* [Exercise requirements] Please copy, exactly as they appear below, the lines from the one containing "that \<open>\<phi>(-q)\<close> agrees with" through the one containing "the exponents divisible".

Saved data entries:
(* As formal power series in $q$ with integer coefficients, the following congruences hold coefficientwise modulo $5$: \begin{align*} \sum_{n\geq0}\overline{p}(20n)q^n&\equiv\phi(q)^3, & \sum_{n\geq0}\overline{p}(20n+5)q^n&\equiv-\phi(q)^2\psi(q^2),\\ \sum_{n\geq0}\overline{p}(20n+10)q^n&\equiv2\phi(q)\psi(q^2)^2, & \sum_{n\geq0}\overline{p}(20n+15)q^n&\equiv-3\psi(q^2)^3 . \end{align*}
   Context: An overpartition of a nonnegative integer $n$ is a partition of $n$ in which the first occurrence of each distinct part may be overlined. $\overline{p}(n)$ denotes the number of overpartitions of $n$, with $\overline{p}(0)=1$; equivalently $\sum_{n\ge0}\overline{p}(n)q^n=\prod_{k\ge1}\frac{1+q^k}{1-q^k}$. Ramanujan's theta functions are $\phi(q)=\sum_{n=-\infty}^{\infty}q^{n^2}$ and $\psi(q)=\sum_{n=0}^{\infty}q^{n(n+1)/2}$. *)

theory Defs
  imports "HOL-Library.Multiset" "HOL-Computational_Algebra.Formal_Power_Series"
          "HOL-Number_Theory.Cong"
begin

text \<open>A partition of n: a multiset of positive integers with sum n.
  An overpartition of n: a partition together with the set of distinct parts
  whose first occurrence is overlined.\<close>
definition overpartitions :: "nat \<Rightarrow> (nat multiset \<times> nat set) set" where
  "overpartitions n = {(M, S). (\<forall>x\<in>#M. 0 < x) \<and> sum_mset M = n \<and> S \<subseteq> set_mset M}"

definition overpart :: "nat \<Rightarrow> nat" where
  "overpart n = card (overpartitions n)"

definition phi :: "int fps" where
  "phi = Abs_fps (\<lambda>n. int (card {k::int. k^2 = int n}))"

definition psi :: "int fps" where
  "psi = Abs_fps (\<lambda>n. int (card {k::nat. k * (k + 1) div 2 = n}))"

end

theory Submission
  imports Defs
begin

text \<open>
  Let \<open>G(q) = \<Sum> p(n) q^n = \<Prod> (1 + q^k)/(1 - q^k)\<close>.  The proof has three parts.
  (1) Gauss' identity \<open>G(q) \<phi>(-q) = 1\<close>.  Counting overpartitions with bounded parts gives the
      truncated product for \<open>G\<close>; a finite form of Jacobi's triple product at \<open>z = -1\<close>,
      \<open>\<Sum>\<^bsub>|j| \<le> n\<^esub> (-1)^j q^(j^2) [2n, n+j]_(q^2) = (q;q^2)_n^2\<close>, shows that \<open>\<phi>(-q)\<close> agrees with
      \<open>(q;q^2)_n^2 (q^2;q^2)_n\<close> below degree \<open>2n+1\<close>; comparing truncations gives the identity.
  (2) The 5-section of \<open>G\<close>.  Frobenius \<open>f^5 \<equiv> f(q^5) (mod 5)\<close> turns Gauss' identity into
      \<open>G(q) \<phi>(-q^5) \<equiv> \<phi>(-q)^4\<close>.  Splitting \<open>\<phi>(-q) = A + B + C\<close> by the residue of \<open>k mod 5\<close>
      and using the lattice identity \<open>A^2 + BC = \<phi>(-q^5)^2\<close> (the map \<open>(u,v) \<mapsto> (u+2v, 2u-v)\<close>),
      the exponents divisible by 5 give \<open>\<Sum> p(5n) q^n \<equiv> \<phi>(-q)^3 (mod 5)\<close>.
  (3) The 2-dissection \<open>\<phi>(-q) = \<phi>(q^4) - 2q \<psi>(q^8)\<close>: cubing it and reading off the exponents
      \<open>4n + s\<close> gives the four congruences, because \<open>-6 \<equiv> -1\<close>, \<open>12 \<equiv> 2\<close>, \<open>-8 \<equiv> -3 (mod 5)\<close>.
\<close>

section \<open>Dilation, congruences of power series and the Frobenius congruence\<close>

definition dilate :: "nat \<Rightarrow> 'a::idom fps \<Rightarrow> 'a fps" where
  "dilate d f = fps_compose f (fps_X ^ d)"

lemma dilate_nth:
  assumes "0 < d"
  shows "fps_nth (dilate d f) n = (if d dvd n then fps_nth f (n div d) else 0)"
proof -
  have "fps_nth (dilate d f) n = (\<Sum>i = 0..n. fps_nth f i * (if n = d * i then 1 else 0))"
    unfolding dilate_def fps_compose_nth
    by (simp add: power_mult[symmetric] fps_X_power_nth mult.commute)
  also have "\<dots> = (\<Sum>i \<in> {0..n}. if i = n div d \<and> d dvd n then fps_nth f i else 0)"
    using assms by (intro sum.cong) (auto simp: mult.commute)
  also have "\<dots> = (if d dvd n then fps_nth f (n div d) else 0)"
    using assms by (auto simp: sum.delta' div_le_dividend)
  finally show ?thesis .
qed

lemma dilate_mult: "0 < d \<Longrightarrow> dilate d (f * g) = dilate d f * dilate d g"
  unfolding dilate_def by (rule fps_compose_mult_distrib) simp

* [Completed task]
      \<open>\<Sum>\<^bsub>|j| \<le> n\<^esub> (-1)^j q^(j^2) [2n, n+j]_(q^2) = (q;q^2)_n^2\<close>, shows that \<open>\<phi>(-q)\<close> agrees with
      \<open>(q;q^2)_n^2 (q^2;q^2)_n\<close> below degree \<open>2n+1\<close>; comparing truncations gives the identity.
  (2) The 5-section of \<open>G\<close>.  Frobenius \<open>f^5 \<equiv> f(q^5) (mod 5)\<close> turns Gauss' identity into
      \<open>G(q) \<phi>(-q^5) \<equiv> \<phi>(-q)^4\<close>.  Splitting \<open>\<phi>(-q) = A + B + C\<close> by the residue of \<open>k mod 5\<close>
      and using the lattice identity \<open>A^2 + BC = \<phi>(-q^5)^2\<close> (the map \<open>(u,v) \<mapsto> (u+2v, 2u-v)\<close>),
      the exponents divisible by 5 give \<open>\<Sum> p(5n) q^n \<equiv> \<phi>(-q)^3 (mod 5)\<close>.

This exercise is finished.